## What is being asked
Filter the entries for the string "admissible". Copy each line that has it.

☆ ☆ ☆ ☆ ☆

definition W12 :: "pt \<Rightarrow> pt \<Rightarrow> (pt \<Rightarrow> real) \<Rightarrow> bool" where
  "W12 w1 w2 f \<longleftrightarrow> L2per w1 w2 f \<and>
     (\<exists>g1 g2. L2per w1 w2 g1 \<and> L2per w1 w2 g2 \<and>
       (\<forall>\<phi>. C1fun \<phi> \<and> periodic2 w1 w2 \<phi> \<longrightarrow>
          cint w1 w2 (\<lambda>x. f x * part1 \<phi> x) = - cint w1 w2 (\<lambda>x. g1 x * \<phi> x) \<and>
          cint w1 w2 (\<lambda>x. f x * part2 \<phi> x) = - cint w1 w2 (\<lambda>x. g2 x * \<phi> x)))"

definition W12dot :: "pt \<Rightarrow> pt \<Rightarrow> (pt \<Rightarrow> real) \<Rightarrow> bool" where
  "W12dot w1 w2 f \<longleftrightarrow> W12 w1 w2 f \<and> cint w1 w2 f = 0"

text \<open>u solves  Delta u = 4 pi sum_{s=1..n} delta_{p s} - 4 pi n/|Omega|  (weakly, on the torus), int u = 0.\<close>
definition u0_sol :: "pt \<Rightarrow> pt \<Rightarrow> nat \<Rightarrow> (nat \<Rightarrow> pt) \<Rightarrow> (pt \<Rightarrow> real) \<Rightarrow> bool" where
  "u0_sol w1 w2 n p u \<longleftrightarrow> periodic2 w1 w2 u \<and> u \<in> borel_measurable lborel \<and>
     set_integrable lborel (cell w1 w2) u \<and> cint w1 w2 u = 0 \<and>
     (\<forall>\<phi>. C2fun \<phi> \<and> periodic2 w1 w2 \<phi> \<longrightarrow>
        cint w1 w2 (\<lambda>x. u x * lap \<phi> x) =
          4 * pi * (\<Sum>s = 1..n. \<phi> (p s)) - 4 * pi * real n / area w1 w2 * cint w1 w2 \<phi>)"

definition bb1 :: "nat \<Rightarrow> real \<Rightarrow> nat \<Rightarrow> nat \<Rightarrow> real" where
  "bb1 N \<kappa> n1 n2 = 4 * pi * ((1 + (real N - 1) * \<kappa>) * real n1 + (\<kappa> - 1) * real n2) / \<kappa>"

definition bb2 :: "nat \<Rightarrow> real \<Rightarrow> nat \<Rightarrow> nat \<Rightarrow> real" where
  "bb2 N \<kappa> n1 n2 = 4 * pi * ((real N - 1) * (\<kappa> - 1) * real n1 + (real N - 1 + \<kappa>) * real n2)
                     / ((real N - 1) * \<kappa>)"

definition admissible ::
  "nat \<Rightarrow> real \<Rightarrow> real \<Rightarrow> pt \<Rightarrow> pt \<Rightarrow> nat \<Rightarrow> nat \<Rightarrow> (pt \<Rightarrow> real) \<Rightarrow> (pt \<Rightarrow> real)
    \<Rightarrow> (pt \<Rightarrow> real) \<Rightarrow> (pt \<Rightarrow> real) \<Rightarrow> bool" where
  "admissible N \<kappa> lam w1 w2 n1 n2 u1 u2 v1 v2 \<longleftrightarrow>
     W12dot w1 w2 v1 \<and> W12dot w1 w2 v2 \<and>
     (cint w1 w2 (\<lambda>x. exp (u1 x + v1 x)))\<^sup>2 \<ge>
        4 * (real N - 1 + \<kappa>) * bb1 N \<kappa> n1 n2 / ((real N)\<^sup>2 * lam) *
          cint w1 w2 (\<lambda>x. exp (2 * u1 x + 2 * v1 x)) \<and>
     (cint w1 w2 (\<lambda>x. exp (u2 x + v2 x)))\<^sup>2 \<ge>
        4 * (real N - 1) * (1 + (real N - 1) * \<kappa>) * bb2 N \<kappa> n1 n2 / ((real N)\<^sup>2 * lam) *
          cint w1 w2 (\<lambda>x. exp (2 * u2 x + 2 * v2 x))"

text \<open>f_1(Y), f_2(X) in terms of the integrals A_i = int e^{u_i+w_i}, B_i = int e^{2u_i+2w_i}, E = E_12.\<close>
definition ff1 :: "nat \<Rightarrow> real \<Rightarrow> real \<Rightarrow> real \<Rightarrow> real \<Rightarrow> real \<Rightarrow> real \<Rightarrow> real \<Rightarrow> real" where
  "ff1 N \<kappa> lam b1 A1 B1 E Y =
     (let P = real N * A1 + (\<kappa> - 1) * Y * E in
      (P + sqrt (P\<^sup>2 - 4 * (real N - 1 + \<kappa>) * b1 / lam * B1)) / (2 * (real N - 1 + \<kappa>) * B1))"
definition per_ext :: "nat list \<Rightarrow> (int list \<Rightarrow> nat) \<Rightarrow> int list \<Rightarrow> nat" where
  "per_ext ns A a = A (map (\<lambda>(x, n). (x - 1) mod int n + 1) (zip a ns))"

definition window :: "nat list \<Rightarrow> int list \<Rightarrow> int list set" where
  "window ns c = {a. length a = length ns \<and>
                    (\<forall>i<length ns. c ! i \<le> a ! i \<and> a ! i \<le> c ! i + int (ns ! i) - 1)}"

definition diff_vec :: "int list \<Rightarrow> int list \<Rightarrow> int list" where
  "diff_vec a w = map2 (\<lambda>wi ai. wi - ai) w a"

definition has_repeated_diff :: "int list set \<Rightarrow> bool" where
  "has_repeated_diff D \<longleftrightarrow>
     (\<exists>a w a' w'. a \<in> D \<and> w \<in> D \<and> a' \<in> D \<and> w' \<in> D \<and> a \<noteq> w \<and> a' \<noteq> w' \<and>
        (a, w) \<noteq> (a', w') \<and> diff_vec a w = diff_vec a' w')"

definition window_has_repeated_diff :: "nat list \<Rightarrow> (int list \<Rightarrow> nat) \<Rightarrow> int list \<Rightarrow> bool" where
  "window_has_repeated_diff ns A c \<longleftrightarrow>
     has_repeated_diff {a \<in> window ns c. per_ext ns A a = 1}"

definition costas :: "nat list \<Rightarrow> (int list \<Rightarrow> nat) \<Rightarrow> bool" where
  "costas ns A \<longleftrightarrow> perm_array ns A \<and> \<not> has_repeated_diff {a \<in> box ns. A a = 1}"

definition periodic_costas :: "nat list \<Rightarrow> (int list \<Rightarrow> nat) \<Rightarrow> bool" where
  "periodic_costas ns A \<longleftrightarrow> costas ns A \<and>
     (\<forall>c. length c = length ns \<longrightarrow> \<not> window_has_repeated_diff ns A c)"

end

theory Submission
  imports Defs
begin

(* Write the dots as x @ phi x with x in T = [n_1] x ... x [n_k], and let sigma increase the
   first coordinate of x cyclically by one.  Since phi is injective and sigma has no fixed point,
   phi (sigma x) - phi x is a nonzero element of the torus Z/n_(k+1) x ... x Z/n_m, which has as
   many elements as T.  By pigeonhole two distinct x, x' give the same element, so the dot pairs
   (x, sigma x) and (x', sigma x') have difference vectors that agree modulo every n_i.

   As |T| = |S|, the product of all n_i is the square of the order, so every n_i is odd.  For an
   odd modulus n, congruent differences q - p and q' - p' become equal inside some interval of
   length n: after possibly swapping p with q, p' with q', and the two pairs, the residues of
   q - p and p' - p are both below n/2, and the interval starting at p works.  Choosing such an
   interval in every coordinate gives a window with a repeated difference vector. *)

lemma box_Nil: "box [] = {[]}"
  by (auto simp: box_def)

lemma box_Cons: "box (n # ns) = (\<lambda>(x, a). x # a) ` ({1..int n} \<times> box ns)"
proof (intro set_eqI iffI)
  fix v assume v: "v \<in> box (n # ns)"
  then obtain x a where v_eq: "v = x # a"
    unfolding box_def by (cases v) auto
  have "x \<in> {1..int n}" using v v_eq unfolding box_def by (auto dest: spec[of _ 0])
  moreover have "a \<in> box ns" using v v_eq unfolding box_def by (auto dest: spec[of _ "Suc _"])
  ultimately show "v \<in> (\<lambda>(x, a). x # a) ` ({1..int n} \<times> box ns)" using v_eq by auto
next
  fix v assume "v \<in> (\<lambda>(x, a). x # a) ` ({1..int n} \<times> box ns)"
  then show "v \<in> box (n # ns)" unfolding box_def by (auto simp: less_Suc_eq_0_disj)
qed

lemma finite_box: "finite (box ns)"
  by (induction ns) (simp_all add: box_Nil box_Cons)

lemma card_box: "card (box ns) = prod_list ns"
proof (induction ns)
  case (Cons n ns)
  have "inj_on (\<lambda>(x, a). x # a) ({1..int n} \<times> box ns)"
    by (auto simp: inj_on_def)
  then show ?case
    using Cons by (simp add: box_Cons card_image card_cartesian_product)
qed (simp add: box_Nil)

lemma length_box: "a \<in> box ns \<Longrightarrow> length a = length ns"
  by (simp add: box_def)

lemma append_in_box: "a \<in> box ns \<Longrightarrow> b \<in> box ns' \<Longrightarrow> a @ b \<in> box (ns @ ns')"
  by (auto simp: box_def nth_append)

text \<open>box ns serves as the torus Z/n_1 x ... x Z/n_m, and box_rep ns as the quotient map onto it.\<close>
definition box_rep :: "nat list \<Rightarrow> int list \<Rightarrow> int list" where
  "box_rep ns a = map (\<lambda>(x, n). (x - 1) mod int n + 1) (zip a ns)"

lemma per_ext_eq_box_rep: "per_ext ns A a = A (box_rep ns a)"
  by (simp add: per_ext_def box_rep_def)

lemma length_box_rep [simp]: "length (box_rep ns a) = min (length a) (length ns)"
  by (simp add: box_rep_def)

lemma nth_box_rep:
  "i < length a \<Longrightarrow> i < length ns \<Longrightarrow> box_rep ns a ! i = (a ! i - 1) mod int (ns ! i) + 1"
  by (simp add: box_rep_def)

lemma box_rep_in_box:
  assumes "length a = length ns" and "\<forall>i<length ns. 0 < ns ! i"
  shows "box_rep ns a \<in> box ns"
proof -
  have "(a ! i - 1) mod int (ns ! i) < int (ns ! i)" if "i < length ns" for i
    using assms(2) that by simp
  then show ?thesis
    using assms by (auto simp: box_def nth_box_rep add1_zle_eq)
qed

lemma box_rep_box: "a \<in> box ns \<Longrightarrow> box_rep ns a = a"
  by (auto simp: box_def box_rep_def intro!: nth_equalityI)

lemma box_rep_eq_iff:
  assumes "length a = length ns" and "length b = length ns"
  shows "box_rep ns a = box_rep ns b \<longleftrightarrow>
    (\<forall>i<length ns. a ! i mod int (ns ! i) = b ! i mod int (ns ! i))"
proof -
  have "(a ! i - 1) mod int (ns ! i) = (b ! i - 1) mod int (ns ! i) \<longleftrightarrow>
        a ! i mod int (ns ! i) = b ! i mod int (ns ! i)" for i
    by (simp add: mod_eq_dvd_iff)
  then show ?thesis
    using assms by (auto simp: list_eq_iff_nth_eq nth_box_rep)
qed

lemma box_eq_if_mod_eq:
  assumes "a \<in> box ns" and "b \<in> box ns"
    and "\<forall>i<length ns. a ! i mod int (ns ! i) = b ! i mod int (ns ! i)"
  shows "a = b"
  using assms box_rep_eq_iff[of a ns b] by (simp add: length_box box_rep_box)

lemma box_rep_append:
  "length a = length ns \<Longrightarrow> box_rep (ns @ ns') (a @ b) = box_rep ns a @ box_rep ns' b"
  by (simp add: box_rep_def)

lemma diff_vec_append:
  "length a = length b \<Longrightarrow> diff_vec (a @ c) (b @ d) = diff_vec a b @ diff_vec c d"
  by (simp add: diff_vec_def)

lemma length_diff_vec [simp]: "length (diff_vec a b) = min (length a) (length b)"
  by (simp add: diff_vec_def)

lemma box_rep_diff_vec_box_rep:
  assumes "length a = length ns" and "length b = length ns"
  shows "box_rep ns (diff_vec a (box_rep ns b)) = box_rep ns (diff_vec a b)"
proof -
  have "((b ! i - 1) mod n + 1 - a ! i) mod n = (b ! i - a ! i) mod n" for i and n :: int
    by (metis diff_add_cancel diff_diff_eq2 mod_diff_left_eq)
  then show ?thesis
    using assms by (subst box_rep_eq_iff) (auto simp: diff_vec_def nth_box_rep)
qed

lemma box_rep_diff_vec_eq_zero_iff:
  assumes "a \<in> box ns" and "b \<in> box ns"
  shows "box_rep ns (diff_vec a b) = box_rep ns (replicate (length ns) 0) \<longleftrightarrow> a = b"
proof
  assume "box_rep ns (diff_vec a b) = box_rep ns (replicate (length ns) 0)"
  then have "(b ! i - a ! i) mod int (ns ! i) = 0" if "i < length ns" for i
    using assms that by (subst (asm) box_rep_eq_iff) (auto simp: length_box diff_vec_def)
  then have "\<forall>i<length ns. a ! i mod int (ns ! i) = b ! i mod int (ns ! i)"
    by (metis mod_eq_dvd_iff dvd_eq_mod_eq_0)
  then show "a = b"
    using box_eq_if_mod_eq[OF assms] by blast
next
  assume "a = b"
  then show "box_rep ns (diff_vec a b) = box_rep ns (replicate (length ns) 0)"
    using assms(1) by (subst box_rep_eq_iff) (auto simp: length_box diff_vec_def)
qed

definition box_shift :: "nat list \<Rightarrow> nat \<Rightarrow> int list \<Rightarrow> int list" where
  "box_shift ns i x = box_rep ns (x[i := x ! i + 1])"

lemma box_shift_in_box:
  "x \<in> box ns \<Longrightarrow> \<forall>j<length ns. 0 < ns ! j \<Longrightarrow> box_shift ns i x \<in> box ns"
  by (simp add: box_shift_def box_rep_in_box length_box)

lemma box_shift_neq:
  assumes "x \<in> box ns" and "i < length ns" and "2 \<le> ns ! i"
  shows "box_shift ns i x \<noteq> x"
proof
  assume "box_shift ns i x = x"
  then have "box_rep ns (x[i := x ! i + 1]) = box_rep ns x"
    using assms(1) by (simp add: box_shift_def box_rep_box)
  then have "(x ! i + 1) mod int (ns ! i) = x ! i mod int (ns ! i)"
    using assms(1,2) by (subst (asm) box_rep_eq_iff) (auto simp: length_box dest: spec[of _ i])
  then have "int (ns ! i) dvd 1"
    by (simp add: mod_eq_dvd_iff)
  then show False
    using assms(3) by simp
qed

☆ ☆ ☆ ☆ ☆

## Response below
definition admissible ::
  "admissible N \<kappa> lam w1 w2 n1 n2 u1 u2 v1 v2 \<longleftrightarrow>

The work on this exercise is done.